Жил да был Семен Мальвинин, по образованию филолог, по профессии критик. Работал он в двух издательствах на полставки. Помимо работы, Семен Семенович совершенно бесплатно был и секретарем президиума, и общественным попечителем, и членом наблюдательного совета в разных клубах любителей поэзии. Но не только в клубах, а еще и в нескольких ЛиТО (литературных творческих объединениях), что сформировало в нем беспощадную ненависть к графоманам. Да и как тут не стать борцом за чистоту литературных рядов! Посетите разок заседание какого-нибудь Верхнее-Волжского ЛиТО, тут же пожалеете, что нет в родне прапорщика с оружейного склада, который бы помог раздобыть ручной пулемет Дегтярева.
Семен Мальвинин всю жизнь прожил в коммуналке, что не прибавило ему доброты к ближним. Конечно, в персональной истории Мальвининского квартирного вопроса были и хорошие моменты. Например, сосед в комнате, что справа от уборной, Армен Альбертович, оказался евреем и в 1990 году уехал на родину. Тот случай был самым коротким, с точки зрения радостного предвкушения, поскольку на место Армена Альбертовича подселили одинокую старушку. Но через два года вторые соседи каким-то хитрым образом (не земляки ли Армена?) сумели расшириться в квартиру этажом ниже, заняв целиком три комнаты с ванной и кухней. Тут уж Семен Семенович отстоял свое право на освободившуюся жилплощадь. Старушка тоже долго не зажилась, через семь лет коммуналка стала отдельной квартирой семьи Мальвининых.

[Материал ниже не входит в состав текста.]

lemma KL_PQ_eq: "KL_PQ S D g m = real m * H_Y S D g - H_obs_given m"
proof -
  have cross_entropy_component: "integrable (PX m) (\<lambda>x. cross_entropy (x i))" if "i < m" for i
    using that by (rule integrable_sample_law_component[OF _ integrable_cross_entropy])
  then have cross_entropy_sum: "integrable (PX m) (\<lambda>x. \<Sum>i<m. cross_entropy (x i))"
    by (intro Bochner_Integration.integrable_sum) auto
  have "KL_PQ S D g m = (\<integral>x. (\<Sum>i<m. cross_entropy (x i)) - obs_entropy x m \<partial>PX m)"
    unfolding KL_PQ_eq_integral_kl_given
  proof (rule integral_cong_AE)
    show "(\<lambda>x. (\<Sum>i<m. cross_entropy (x i)) - obs_entropy x m) \<in> borel_measurable (PX m)"
      using cross_entropy_component borel_measurable_obs_entropy by (intro borel_measurable_diff) auto
    show "AE x in PX m. kl_given x m = (\<Sum>i<m. cross_entropy (x i)) - obs_entropy x m"
      using AE_sample_law_q_pos by eventually_elim (rule kl_given_eq)
  qed (rule borel_measurable_kl_given)
  also have "\<dots> = (\<Sum>i<m. \<integral>x. cross_entropy (x i) \<partial>PX m) - H_obs_given m"
    using cross_entropy_component unfolding H_obs_given_def
    by (simp add: Bochner_Integration.integral_diff[OF cross_entropy_sum integrable_obs_entropy[of m m]]
        Bochner_Integration.integral_sum)
  also have "\<dots> = real m * H_Y S D g - H_obs_given m"
    using integral_sample_law_component[OF _ borel_measurable_integrable[OF integrable_cross_entropy]]
    by (simp add: integral_cross_entropy)
  finally show ?thesis .
qed

end

section \<open>Concave information profiles\<close>

lemma le_add_mult_of_increment_le:
  fixes j :: "nat \<Rightarrow> real"
  assumes "\<And>k. j (Suc k) \<le> j k + c"
  shows "j (m + d) \<le> j m + real d * c"
proof (induction d)
  case (Suc d)
  then show ?case using assms[of "m + d"] by (simp add: algebra_simps)
qed simp

lemma le_tangent_of_decreasing_increments:
  fixes j :: "nat \<Rightarrow> real"
  assumes "\<And>k. j (Suc (Suc k)) - j (Suc k) \<le> j (Suc k) - j k"
  shows "j (n + d) \<le> j n + real d * (j (Suc n) - j n)"
proof -
  have "decseq (\<lambda>k. j (Suc k) - j k)"
    using assms by (intro decseq_SucI) simp
  then have "j (Suc (n + d)) - j (n + d) \<le> j (Suc n) - j n" for d
    by (simp add: decseq_def)
  then show ?thesis
    by (induction d) (simp_all add: algebra_simps, smt (verit))
qed

lemma increment_ratio_lower_bound:
  fixes a h n_star n K r \<delta> \<epsilon> :: real
  assumes "0 < h" "0 < \<epsilon>" "0 < n_star" "0 \<le> \<delta>" "0 \<le> r"
    and n: "n \<le> (1 - \<epsilon>) * n_star" and K: "(1 + \<delta>) * n_star \<le> K" "K \<le> (1 + \<delta>) * n_star + 1"
    and a: "n_star * (1 - r) * h - n * h \<le> (K - n) * a"
  shows "1 - (\<delta> + r + 1 / n_star) / \<epsilon> \<le> a / h"
proof -
  define D where "D = K - n"
  have "0 \<le> \<delta> * n_star" "0 \<le> r * n_star" using assms by simp_all
  then have D: "\<epsilon> * n_star \<le> D" and excess: "0 \<le> K - n_star + r * n_star"
    using n K(1) unfolding D_def by (simp_all add: algebra_simps)
  have D_pos: "0 < D" using D \<open>0 < \<epsilon>\<close> \<open>0 < n_star\<close> by (smt (verit) mult_pos_pos)
  have "(n_star * (1 - r) - n) * h \<le> D * a" using a unfolding D_def by (simp add: algebra_simps)
  then have "(n_star * (1 - r) - n) / D \<le> a / h"
    using D_pos \<open>0 < h\<close> by (simp add: divide_le_eq le_divide_eq mult.commute)
  moreover have "D - (n_star * (1 - r) - n) = K - n_star + r * n_star"
    by (simp add: D_def algebra_simps)
  then have "1 - (n_star * (1 - r) - n) / D = (K - n_star + r * n_star) / D"
    using D_pos by (metis diff_divide_distrib divide_self less_irrefl)
  moreover have "(K - n_star + r * n_star) / D \<le> (K - n_star + r * n_star) / (\<epsilon> * n_star)"
    using excess D D_pos \<open>0 < \<epsilon>\<close> \<open>0 < n_star\<close> by (intro divide_left_mono) simp_all
  moreover have "K - n_star + r * n_star \<le> (\<delta> + r + 1 / n_star) * n_star"
    using K(2) \<open>0 < n_star\<close> by (simp add: algebra_simps)
  then have "(K - n_star + r * n_star) / (\<epsilon> * n_star) \<le> (\<delta> + r + 1 / n_star) / \<epsilon>"
    using \<open>0 < \<epsilon>\<close> \<open>0 < n_star\<close> by (simp add: divide_le_eq mult.assoc)
  ultimately show ?thesis by linarith
qed

(* Along the sequence of models, H N = H(theta), h N = H(Y) <= C, J N n = H(Y^n | X^n) and
   n_star N = n*; recovery is the hypothesis of the theorem. *)
locale information_profile =
  fixes H h :: "nat \<Rightarrow> real" and J :: "nat \<Rightarrow> nat \<Rightarrow> real" and n_star :: "nat \<Rightarrow> nat" and C :: real
  assumes n_star_eq: "\<And>N. n_star N = nat \<lfloor>H N / h N\<rfloor>"
    and H_at_top: "filterlim H at_top sequentially"
    and h_bounds: "eventually (\<lambda>N. 0 \<le> h N \<and> h N \<le> C) sequentially"
    and J_0: "eventually (\<lambda>N. J N 0 = 0) sequentially"
    and J_increment_le: "eventually (\<lambda>N. \<forall>k. J N (Suc k) \<le> J N k + h N) sequentially"
    and J_concave: "eventually (\<lambda>N. \<forall>k. J N (Suc (Suc k)) - J N (Suc k) \<le> J N (Suc k) - J N k) sequentially"
    and J_le_H: "eventually (\<lambda>N. \<forall>k. J N k \<le> H N) sequentially"
    and recovery: "\<And>\<epsilon> n. \<epsilon> > 0 \<Longrightarrow> (\<And>N. (1 + \<epsilon>) * real (n_star N) \<le> real (n N)) \<Longrightarrow>
                     ((\<lambda>N. (H N - J N (n N)) / H N) \<longlongrightarrow> 0) sequentially"
begin

lemma eventually_H_pos: "eventually (\<lambda>N. 0 < H N) sequentially"
  using H_at_top by (simp add: filterlim_at_top_dense)

(* If h N = 0 then n_star N = 0, and recovery at n = 2 n_star = 0 would make H N - J N 0 = H N
   small compared with H N. *)
lemma eventually_h_pos: "eventually (\<lambda>N. 0 < h N) sequentially"
proof -
  have "((\<lambda>N. (H N - J N (2 * n_star N)) / H N) \<longlongrightarrow> 0) sequentially"
    by (rule recovery[of 1]) simp_all
  then have "eventually (\<lambda>N. (H N - J N (2 * n_star N)) / H N < 1) sequentially"
    by (rule order_tendstoD) simp
  with h_bounds J_0 eventually_H_pos show ?thesis
  proof eventually_elim
    case (elim N)
    show "0 < h N"
    proof (rule ccontr)
      assume "\<not> 0 < h N"
      then have "h N = 0" using elim by auto
      then have "n_star N = 0" by (simp add: n_star_eq)
      then show False using elim by simp
    qed
  qed
qed

lemma eventually_n_star_bounds:
  "eventually (\<lambda>N. real (n_star N) * h N \<le> H N \<and> H N < (real (n_star N) + 1) * h N) sequentially"
  using eventually_h_pos eventually_H_pos
proof eventually_elim
  case (elim N)
  have "0 \<le> H N / h N" using elim by simp
  then have "real (n_star N) \<le> H N / h N" "H N / h N < real (n_star N) + 1"
    unfolding n_star_eq by linarith+
  then show ?case using elim by (simp add: field_simps)
qed

lemma n_star_at_top: "filterlim (\<lambda>N. real (n_star N)) at_top sequentially"
  unfolding filterlim_at_top
proof
  fix Z :: real
  from H_at_top have "eventually (\<lambda>N. (Z + 1) * C \<le> H N) sequentially"
    by (simp add: filterlim_at_top)
  then show "eventually (\<lambda>N. Z \<le> real (n_star N)) sequentially"
    using eventually_n_star_bounds eventually_h_pos h_bounds
  proof eventually_elim
    case (elim N)
    have "H N < (real (n_star N) + 1) * C"
      using elim by (smt (verit) mult_left_mono of_nat_0_le_iff)
    then have "(Z + 1) * C < (real (n_star N) + 1) * C" using elim(1) by linarith
    then show ?case using elim by (simp add: mult_less_cancel_right)
  qed
qed

lemma h_over_H_tendsto_0: "((\<lambda>N. h N / H N) \<longlongrightarrow> 0) sequentially"
proof (rule tendsto_sandwich[where f="\<lambda>_. 0" and h="\<lambda>N. C / H N"])
  show "eventually (\<lambda>N. 0 \<le> h N / H N) sequentially" "eventually (\<lambda>N. h N / H N \<le> C / H N) sequentially"
    using h_bounds eventually_H_pos by (eventually_elim, simp add: divide_right_mono)+
  show "((\<lambda>N. C / H N) \<longlongrightarrow> 0) sequentially"
    by (rule tendsto_divide_0[OF tendsto_const filterlim_at_top_imp_at_infinity[OF H_at_top]])
qed simp

definition inflated_size :: "real \<Rightarrow> nat \<Rightarrow> nat" where
  "inflated_size \<delta> N = nat \<lceil>(1 + \<delta>) * real (n_star N)\<rceil>"

lemma inflated_size_bounds:
  assumes "0 \<le> \<delta>"
  shows "(1 + \<delta>) * real (n_star N) \<le> real (inflated_size \<delta> N)"
    and "real (inflated_size \<delta> N) \<le> (1 + \<delta>) * real (n_star N) + 1"
proof -
  have "0 \<le> (1 + \<delta>) * real (n_star N)" using assms by simp
  then show "(1 + \<delta>) * real (n_star N) \<le> real (inflated_size \<delta> N)"
    and "real (inflated_size \<delta> N) \<le> (1 + \<delta>) * real (n_star N) + 1"
    unfolding inflated_size_def by linarith+
qed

С бывшими соседями Семен поддерживал приятельские отношения, но завязка нашей истории в том, что подрос у этих соседей сын, обычный оболтус 20-ти лет от роду.
Однажды Семен Мальвинин повстречался с этим юношей на лестничной клетке. "Здрасьте, дядя Семен!", - радостно взвопил оболтус. "Родичи мне рассказывали, что Вы работаете в издательстве. А знаете, я тут стихи пишу, сокурсницы балдеют! Можно я Вам покажу несколько штучек?". В тот день, по случаю выплаты жалования за два месяца (прошлого года), у Семена было благодушное настроение, и он решил поддержать молодое дарование: "Ну что ж, э-э... Антон?.." "Артем я, дядя Семен!.." "Ах, да, Артем! Ну что ж, Артем, покажи как-нибудь, посмотрим вместе, что Вы сочинили."
Так критик Мальвинин, помимо своих попечительских обязанностей, получил еще одну общественную нагрузку.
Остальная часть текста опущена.